看阿努比斯深为纠结,他本人也很好奇,回忆了一下刚才守卫在塞特身边侍卫的气息,伸手一抓··塞特此时正在埃及王宫,深情款款地望着躺在床上的伊西斯——美丽的女神听闻了丈夫的噩耗,“嘎嘣”一声就昏了过去——绞尽脑汁地斟酌着情书的语句。
他正写到“你知道我对你用情有多深”,还在咬着笔杆子沉吟呢,就感觉到旁边“嗖”的一阵凉风,扭头看过去,愣了一愣:“刚才站在我旁边的那个侍卫呢”·其他的侍卫也是一脸茫然,纷纷表示对方一下子就不见了,凭空消失云云,还有一个没忍住小声说道:“别是父神发怒了……”·这群人都是他在赫里尤布里斯城带到凡间的,算是埃及神系的小神。
塞特勃然大怒,从桌子上顺手拿起一个金饰来想砸过去,看了一眼觉得这金饰打造得极为美丽,肯定价值不菲,便又默默放了回去,骂道:“父神要真生气了,抓走的就该不是一个小小侍卫,而该是我了奥西里斯自己蠢不可及,被算计了也是他活该父神才不会因此责备我”·话是这么说,他要不是心虚也不至于发这么大的火,塞特喘了两口气,哼了一声,盯着床上的伊西斯看了几秒钟来洗眼睛调整心情,这才坐了回去,继续咬着笔杆写情书。
那头被陆压凭空抓取的侍卫很是惊慌,他前一秒还在埃及王宫内暗自嘲笑塞特的字歪歪扭扭太难看了,后一秒就发现自己竟然回到了抛尸地点,还以为是奥西里斯亡魂显灵,吓得不轻,跪在地上不敢起来。

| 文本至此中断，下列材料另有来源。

text \<open>Separating \<open>x\<^sub>0\<close> from \<open>K\<close> amounts to separating \<open>k\<^sub>0 - x\<^sub>0\<close> from the open convex
  neighbourhood \<open>(k\<^sub>0 - K) + V\<close> of \<open>0\<close>, where \<open>V\<close> is a convex neighbourhood of \<open>0\<close> with
  \<open>(x\<^sub>0 + V) \<inter> K = {}\<close>.\<close>

lemma closed_convex_point_separation:
  fixes K :: "'a::{real_vector,topological_space} set"
  assumes tvs: "topological_vector_space TYPE('a)" and lc: "locally_convex TYPE('a)"
    and K: "convex K" "closed K" and x0: "x0 \<notin> K"
  obtains \<psi> where "\<psi> \<in> top_dual" "\<And>k. k \<in> K \<Longrightarrow> \<psi> x0 < \<psi> k"
proof (cases "K = {}")
  case True
  then show thesis using that zero_in_top_dual by blast
next
  case False
  then obtain k0 where k0: "k0 \<in> K" by blast
  have "open {u. 1 *\<^sub>R u + x0 \<in> - K}" by (rule tvs_open_affine_preimage[OF tvs]) (use K(2) in auto)
  moreover have "0 \<in> {u. 1 *\<^sub>R u + x0 \<in> - K}" using x0 by simp
  ultimately obtain V where V: "open V" "convex V" "0 \<in> V" "V \<subseteq> {u. 1 *\<^sub>R u + x0 \<in> - K}"
    using lc unfolding locally_convex_def by blast
  define N where "N = {k0 - k + v | k v. k \<in> K \<and> v \<in> V}"
  have N_translates: "N = (\<Union>k\<in>K. {u. 1 *\<^sub>R u + (k - k0) \<in> V})"
  proof (intro set_eqI iffI)
    fix u assume "u \<in> N"
    then obtain k v where "k \<in> K" "v \<in> V" "u = k0 - k + v" unfolding N_def by blast
    moreover from this have "1 *\<^sub>R u + (k - k0) = v" by (simp add: algebra_simps)
    ultimately show "u \<in> (\<Union>k\<in>K. {u. 1 *\<^sub>R u + (k - k0) \<in> V})" by (metis (mono_tags) UN_I mem_Collect_eq)
  next
    fix u assume "u \<in> (\<Union>k\<in>K. {u. 1 *\<^sub>R u + (k - k0) \<in> V})"
    then obtain k where "k \<in> K" "u + (k - k0) \<in> V" by auto
    moreover have "u = k0 - k + (u + (k - k0))" by (simp add: algebra_simps)
    ultimately show "u \<in> N" unfolding N_def by blast
  qed
  have "open N"
    unfolding N_translates by (intro open_UN ballI tvs_open_affine_preimage[OF tvs V(1)])
  moreover have "N = (\<Union>a\<in>(+) k0 ` V. \<Union>k\<in>K. {a - k})"
  proof (intro set_eqI iffI)
    fix u assume "u \<in> N"
    then obtain k v where "k \<in> K" "v \<in> V" "u = (k0 + v) - k" unfolding N_def by (force simp: algebra_simps)
    then show "u \<in> (\<Union>a\<in>(+) k0 ` V. \<Union>k\<in>K. {a - k})" by blast
  next
    fix u assume "u \<in> (\<Union>a\<in>(+) k0 ` V. \<Union>k\<in>K. {a - k})"
    then obtain k v where "k \<in> K" "v \<in> V" "u = (k0 + v) - k" by blast
    then have "u = k0 - k + v" "k \<in> K" "v \<in> V" by (simp_all add: algebra_simps)
    then show "u \<in> N" unfolding N_def by blast
  qed
  then have "convex N" using convex_differences[OF convex_translation[OF V(2)] K(1)] by simp
  moreover have "0 \<in> N" unfolding N_def using k0 V(3) by force
  moreover have "k0 - x0 \<notin> N"
  proof
    assume "k0 - x0 \<in> N"
    then obtain k v where "k \<in> K" "v \<in> V" "k0 - x0 = k0 - k + v" unfolding N_def by blast
    then have "v + x0 = k" by (simp add: algebra_simps)
    then show False using V(4) \<open>v \<in> V\<close> \<open>k \<in> K\<close> by auto
  qed
  ultimately obtain \<psi> where \<psi>: "\<psi> \<in> top_dual" "1 \<le> \<psi> (k0 - x0)" "\<And>w. w \<in> N \<Longrightarrow> \<psi> w < 1"
    using open_convex_point_separation[OF tvs] by blast
  have lin: "linear \<psi>" using \<psi>(1) unfolding top_dual_def by simp
  have "\<psi> x0 < \<psi> k" if "k \<in> K" for k
  proof -
    have "k0 - k + 0 \<in> N" unfolding N_def using that V(3) by blast
    then have "\<psi> (k0 - k) < 1" using \<psi>(3) by simp
    then show ?thesis using \<psi>(2) by (simp add: linear_diff[OF lin])
  qed
  then show thesis using that \<psi>(1) by blast
qed
theorem lemma3p6:
  fixes E :: "'a set" and rM rN :: "'a set \<Rightarrow> nat" and \<C> :: "'a set set"
  assumes "matroid E rM"
    and "\<forall>C\<in>\<C>. circuit E rM C \<and> rM C < rM E"
    and "free_elevation E rM rN"
    and "\<forall>F. cyclic_flat E rM F \<longrightarrow> F = \<Union>{C\<in>\<C>. C \<subseteq> F}"
  shows "\<forall>F. cyclic_flat E rN F \<longrightarrow> F = \<Union>{C\<in>\<C>. C \<subseteq> F}"
  using assms(3,4)
proof (induction rule: free_elevation.induct)
  case (stop rM)
  show ?case
    by (rule stop.prems)
next
  case (step rM rF rN)
  have "\<forall>F. cyclic_flat E rF F \<longrightarrow> F = \<Union>{C\<in>\<C>. C \<subseteq> F}"
    using cyclic_flat_covered_free_erection[OF step.hyps(2,1) step.prems] by blast
  then show ?case
    by (rule step.IH)
qed

end
end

陆压拍了拍他的光头,问道:“奥西里斯大人遇害时,想必你就在旁边”·那侍卫战战兢兢道:“我、我什么都不知道,全都是塞特大人干的……”·阿努比斯狠狠踹了他一脚,阴沉着脸道:“你知道什么,都说出来敢有一句谎话,我就把你心脏整个掏出来”·他本来就顶着一张狼脑袋,说话时露出白森森的牙齿,侍卫抖得更厉害了,头低低地埋了下去:“是……是塞特大人借着要给法老大人做披风的借口,拿布料丈量了法老大人的身材,再为他量身定做了一个华丽的木箱子……”·在箱子打造好的当天晚上,塞特邀请奥西里斯参加自己举办的晚宴,奥西里斯那时候正处在“欧耶,弟弟送了我一件美哒哒的披风”的欢快情绪中,秉承着拿人手短的思想,没有多考虑就直接答应下来。
在席间,塞特让人把木箱子拿了出来,奥西里斯立刻被这个箱子给吸引住了——想不到世上竟然有如此出尘绝色的箱子·塞特看出来他的动心,提出“能够完美地躺在箱子里的人将可以得到它”,在塞特的几位狐朋狗友们轮番躺进去尝试都失败后,奥西里斯终于坐不住了,毅然决然地躺了进去。
塞特立刻密封了箱子,让人往里面注入铅液,再连人带箱子一块扔到了尼罗河支流中··“……”陆压听完后老半天,仍然神情恍惚,他费了很大劲儿才找回自己的声音,“埃及王宫就穷酸到这种地步吗”·堂堂埃及法老外加拉神嫡系子孙,竟然被一个华贵的箱子给勾引得失去了理智,甚至因此丧命——你就没有觉得这玩意跟棺材好像吗,你还大咧咧地躺进去这是多么明显的死亡征兆啊·侍卫愣了愣,不知道怎么接话。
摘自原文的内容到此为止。